## AIM OF THE TASK
Write the entries out exactly, with the final line being the one containing "using map_le_card_dom_Suc_obtains_upd[OF le".

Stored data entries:
=-=-=

lemma Dstar_eq_sum_delete:
  assumes \<theta>: "\<theta> \<in> Theta n j" and j: "1 \<le> j"
  shows "Dstar n j G \<theta> = (\<Sum>w\<in>dom \<theta>. G (\<theta> |` (- {w})))"
proof -
  note \<theta>_facts = Theta_memD[OF \<theta>]
  have bij: "bij_betw (\<lambda>w. \<theta> |` (- {w})) (dom \<theta>) {\<phi> \<in> Theta n (j - 1). \<phi> \<subseteq>\<^sub>m \<theta>}"
  proof (rule bij_betw_imageI)
    show "inj_on (\<lambda>w. \<theta> |` (- {w})) (dom \<theta>)"
      by (rule inj_onI) (metis ComplD ComplI domD insertI1 option.distinct(1) restrict_map_def singletonD)
    show "(\<lambda>w. \<theta> |` (- {w})) ` dom \<theta> = {\<phi> \<in> Theta n (j - 1). \<phi> \<subseteq>\<^sub>m \<theta>}"
    proof (intro set_eqI iffI)
      fix \<phi> assume "\<phi> \<in> (\<lambda>w. \<theta> |` (- {w})) ` dom \<theta>"
      then obtain w where w: "w \<in> dom \<theta>" "\<phi> = \<theta> |` (- {w})" by auto
      then have "dom \<phi> = dom \<theta> - {w}" by auto
      then show "\<phi> \<in> {\<phi> \<in> Theta n (j - 1). \<phi> \<subseteq>\<^sub>m \<theta>}"
        using w \<theta>_facts by (auto simp: Theta_def map_le_def)
    next
      fix \<phi> assume "\<phi> \<in> {\<phi> \<in> Theta n (j - 1). \<phi> \<subseteq>\<^sub>m \<theta>}"
      then have le: "\<phi> \<subseteq>\<^sub>m \<theta>" and "card (dom \<phi>) = j - 1" by (auto simp: Theta_def)
      then obtain x where x: "x \<notin> dom \<phi>" "x \<in> dom \<theta>" "\<theta> = \<phi>(x \<mapsto> the (\<theta> x))"
        using map_le_card_dom_Suc_obtains_upd[OF le \<theta>_facts(1)] \<theta>_facts(3) j by auto
      then have "\<phi> = \<theta> |` (- {x})"
        by (metis restrict_compl_notin_dom restrict_upd_same)
      then show "\<phi> \<in> (\<lambda>w. \<theta> |` (- {w})) ` dom \<theta>" using x by auto
    qed
  qed
  show ?thesis
    using \<theta> sum.reindex_bij_betw[OF bij, of G] by (simp add: Dstar_def)
qed
lemma exists_expansion_subtree_inner_equiv:
  fixes R :: "'c rod set" and Q :: "'q rod set"
  assumes R: "rodset R" and Q: "rodset Q"
  shows "\<exists>R' :: nat rod set. rodset R' \<and> R' \<equiv>\<^sub>r R \<and>
           (\<exists>T. expansion_subtree R' T \<and> trains_rods (Inner R' T) \<equiv>\<^sub>r Q)"
proof -
  \<comment> \<open>Even colours for \<open>R\<close>, odd ones for \<open>Q\<close>: the three families are disjoint.\<close>
  define P where "P = rods_with_counts (\<lambda>i. 2 * i) (rod_count R)"
  define F where "F = rods_with_counts (\<lambda>i. Suc (2 * i)) (rod_count Q)"
  define F' where "F' = rods_with_counts (\<lambda>i. Suc (2 * i)) (\<lambda>m. - rod_count Q m)"
  define R' where "R' = P \<union> F \<union> F'"
  have rodsets: "rodset P" "rodset F" "rodset F'"
    unfolding P_def F_def F'_def by (simp_all add: rodset_rods_with_counts)
  have inj: "inj (\<lambda>i::nat. 2 * i)" "inj (\<lambda>i::nat. Suc (2 * i))" by (auto simp: inj_def)
  have "2 * i \<noteq> Suc (2 * j)" "Suc (2 * j) \<noteq> 2 * i" for i j :: nat by presburger+
  then have "P \<inter> (F \<union> F') = {}" "F \<inter> F' = {}"
    unfolding P_def F_def F'_def rods_with_counts_def by (auto simp: sgn_if)
  then have "rod_count R' n = rod_count P n + rod_count F n + rod_count F' n" for n
    unfolding R'_def Un_assoc using rodsets by (simp add: rod_count_Un rodset_Un)
  then have count_R': "rod_count R' n = rod_count R n" if "0 < n" for n
    unfolding P_def F_def F'_def using that by (simp add: rod_count_rods_with_counts inj)
  have count_F: "rod_count F n = rod_count Q n" if "0 < n" for n
    unfolding F_def using that by (simp add: rod_count_rods_with_counts inj)
  have rodset_R': "rodset R'" unfolding R'_def using rodsets by (simp add: rodset_Un)
  have "F \<subseteq> R'" unfolding R'_def by blast
  then have "expansion_subtree R' (two_level_tree R' F)"
    and inner: "Inner R' (two_level_tree R' F) = (\<lambda>k. [k]) ` F"
    by (rule expansion_subtree_two_level_tree, rule Inner_two_level_tree)
  moreover have "trains_rods ((\<lambda>k. [k]) ` F) \<equiv>\<^sub>r Q"
  proof (rule rod_equivI)
    show "rodset (trains_rods ((\<lambda>k. [k]) ` F))"
      using rodsets(2) by (rule rodset_trains_rods) auto
  qed (use Q count_F in \<open>simp_all add: rod_count_trains_rods_singletons\<close>)
  moreover have "R' \<equiv>\<^sub>r R" using rodset_R' R count_R' by (rule rod_equivI)
  ultimately show ?thesis using rodset_R' by (metis inner)
qed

=-=-=

## EXERCISE RESPONSE
lemma Dstar_eq_sum_delete:
  assumes \<theta>: "\<theta> \<in> Theta n j" and j: "1 \<le> j"
  shows "Dstar n j G \<theta> = (\<Sum>w\<in>dom \<theta>. G (\<theta> |` (- {w})))"
proof -
  note \<theta>_facts = Theta_memD[OF \<theta>]
  have bij: "bij_betw (\<lambda>w. \<theta> |` (- {w})) (dom \<theta>) {\<phi> \<in> Theta n (j - 1). \<phi> \<subseteq>\<^sub>m \<theta>}"
  proof (rule bij_betw_imageI)
    show "inj_on (\<lambda>w. \<theta> |` (- {w})) (dom \<theta>)"
      by (rule inj_onI) (metis ComplD ComplI domD insertI1 option.distinct(1) restrict_map_def singletonD)
    show "(\<lambda>w. \<theta> |` (- {w})) ` dom \<theta> = {\<phi> \<in> Theta n (j - 1). \<phi> \<subseteq>\<^sub>m \<theta>}"
    proof (intro set_eqI iffI)
      fix \<phi> assume "\<phi> \<in> (\<lambda>w. \<theta> |` (- {w})) ` dom \<theta>"
      then obtain w where w: "w \<in> dom \<theta>" "\<phi> = \<theta> |` (- {w})" by auto
      then have "dom \<phi> = dom \<theta> - {w}" by auto
      then show "\<phi> \<in> {\<phi> \<in> Theta n (j - 1). \<phi> \<subseteq>\<^sub>m \<theta>}"
        using w \<theta>_facts by (auto simp: Theta_def map_le_def)
    next
      fix \<phi> assume "\<phi> \<in> {\<phi> \<in> Theta n (j - 1). \<phi> \<subseteq>\<^sub>m \<theta>}"
      then have le: "\<phi> \<subseteq>\<^sub>m \<theta>" and "card (dom \<phi>) = j - 1" by (auto simp: Theta_def)
      then obtain x where x: "x \<notin> dom \<phi>" "x \<in> dom \<theta>" "\<theta> = \<phi>(x \<mapsto> the (\<theta> x))"
        using map_le_card_dom_Suc_obtains_upd[OF le \<theta>_facts(1)] \<theta>_facts(3) j by auto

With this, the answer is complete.